Exercise requirements: Please filter the entries and return only the lines that include "shows".

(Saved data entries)
::::::
lemma pow_mat_mult_vec_tendsto_zero:
  fixes M :: "real mat"
  assumes M: "M \<in> carrier_mat n n"
    and ev: "\<And>z. poly (char_poly (map_mat complex_of_real M)) z = 0 \<Longrightarrow> cmod z < 1"
    and h: "h \<in> carrier_vec n" and i: "i < n"
  shows "(\<lambda>t. (M ^\<^sub>m t *\<^sub>v h) $ i) \<longlonglongrightarrow> 0"
proof -
  obtain r c where r: "0 < r" "r < 1"
    and bound: "\<And>k i j. i < n \<Longrightarrow> j < n \<Longrightarrow> \<bar>(M ^\<^sub>m k) $$ (i, j)\<bar> \<le> r ^ k * c"
    using pow_mat_geometric_bound[OF M _ ev] i by (metis less_nat_zero_code neq0_conv)
  define S where "S = (\<Sum>j<n. \<bar>h $ j\<bar>)"
  have bound_vec: "norm ((M ^\<^sub>m t *\<^sub>v h) $ i) \<le> r ^ t * c * S" for t
  proof -
    have Mt: "M ^\<^sub>m t \<in> carrier_mat n n" using M by simp
    have "norm ((M ^\<^sub>m t *\<^sub>v h) $ i) = \<bar>\<Sum>j<n. (M ^\<^sub>m t) $$ (i, j) * h $ j\<bar>"
      by (simp add: mult_mat_vec_index_sum[OF Mt h i])
    also have "\<dots> \<le> (\<Sum>j<n. \<bar>(M ^\<^sub>m t) $$ (i, j)\<bar> * \<bar>h $ j\<bar>)"
      unfolding abs_mult[symmetric] by (rule sum_abs)
    also have "\<dots> \<le> (\<Sum>j<n. r ^ t * c * \<bar>h $ j\<bar>)"
      by (intro sum_mono mult_right_mono) (use bound i in auto)
    finally show ?thesis unfolding S_def by (simp add: sum_distrib_left)
  qed
  have "(\<lambda>t. r ^ t * c * S) \<longlonglongrightarrow> 0"
    by (intro tendsto_mult_left_zero LIMSEQ_power_zero) (use r in auto)
  then show ?thesis
  proof (rule tendsto_0_le[where K = 1])
    show "\<forall>\<^sub>F t in sequentially. norm ((M ^\<^sub>m t *\<^sub>v h) $ i) \<le> norm (r ^ t * c * S) * 1"
      using bound_vec by (intro always_eventually allI) (auto intro: order_trans[OF _ abs_ge_self])
  qed
qed

lemma mult_mat_vec_tendsto_zero:
  assumes A: "A \<in> carrier_mat n m" and v: "\<And>t. v t \<in> carrier_vec m"
    and lim: "\<And>l. l < m \<Longrightarrow> (\<lambda>t. v t $ l) \<longlonglongrightarrow> 0" and j: "j < n"
  shows "(\<lambda>t. (A *\<^sub>v v t) $ j) \<longlonglongrightarrow> (0 :: real)"
proof -
  have "(\<lambda>t. \<Sum>l<m. A $$ (j, l) * v t $ l) \<longlonglongrightarrow> 0"
    using lim by (intro tendsto_null_sum tendsto_mult_right_zero) auto
  then show ?thesis using mult_mat_vec_index_sum[OF A v j] by simp
qed

lemma convergent_components_bounded:
  fixes f :: "nat \<Rightarrow> nat \<Rightarrow> real"
  assumes conv: "\<And>j. j < n \<Longrightarrow> convergent (\<lambda>t. f t j)"
  shows "\<exists>B. \<forall>t. \<forall>j<n. \<bar>f t j\<bar> \<le> B"
proof -
  have "\<exists>K. \<forall>t. \<bar>f t j\<bar> \<le> K" if "j < n" for j
    using convergent_imp_Bseq[OF conv[OF that]] by (auto simp: Bseq_def)
  then obtain K where K: "\<And>j t. j < n \<Longrightarrow> \<bar>f t j\<bar> \<le> K j" by metis
  have "\<bar>f t j\<bar> \<le> (\<Sum>l<n. \<bar>K l\<bar>)" if j: "j < n" for t j
  proof -
    have "\<bar>f t j\<bar> \<le> \<bar>K j\<bar>" using K[OF j, of t] by linarith
    also have "\<dots> \<le> (\<Sum>l<n. \<bar>K l\<bar>)" by (rule member_le_sum) (use j in auto)
    finally show ?thesis .
  qed
  then show ?thesis by blast
qed

section \<open>Affine iterations and block-triangular similarity\<close>

lemma pow_mat_Suc_left:
  assumes A: "A \<in> carrier_mat n n"
  shows "A ^\<^sub>m Suc k = A * A ^\<^sub>m k"
proof (induction k)
  case (Suc k)
  have "A ^\<^sub>m Suc (Suc k) = A ^\<^sub>m Suc k * A" by simp
  also have "\<dots> = (A * A ^\<^sub>m k) * A" unfolding Suc ..
  also have "\<dots> = A * (A ^\<^sub>m k * A)" using A by (simp add: assoc_mult_mat[of _ n n _ n _ n])
  finally show ?case by simp
qed (use A in simp)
::::::
Answer for this exercise:
  shows "(\<lambda>t. (M ^\<^sub>m t *\<^sub>v h) $ i) \<longlonglongrightarrow> 0"
  shows "(\<lambda>t. (A *\<^sub>v v t) $ j) \<longlonglongrightarrow> (0 :: real)"
  shows "\<exists>B. \<forall>t. \<forall>j<n. \<bar>f t j\<bar> \<le> B"
  shows "A ^\<^sub>m Suc k = A * A ^\<^sub>m k"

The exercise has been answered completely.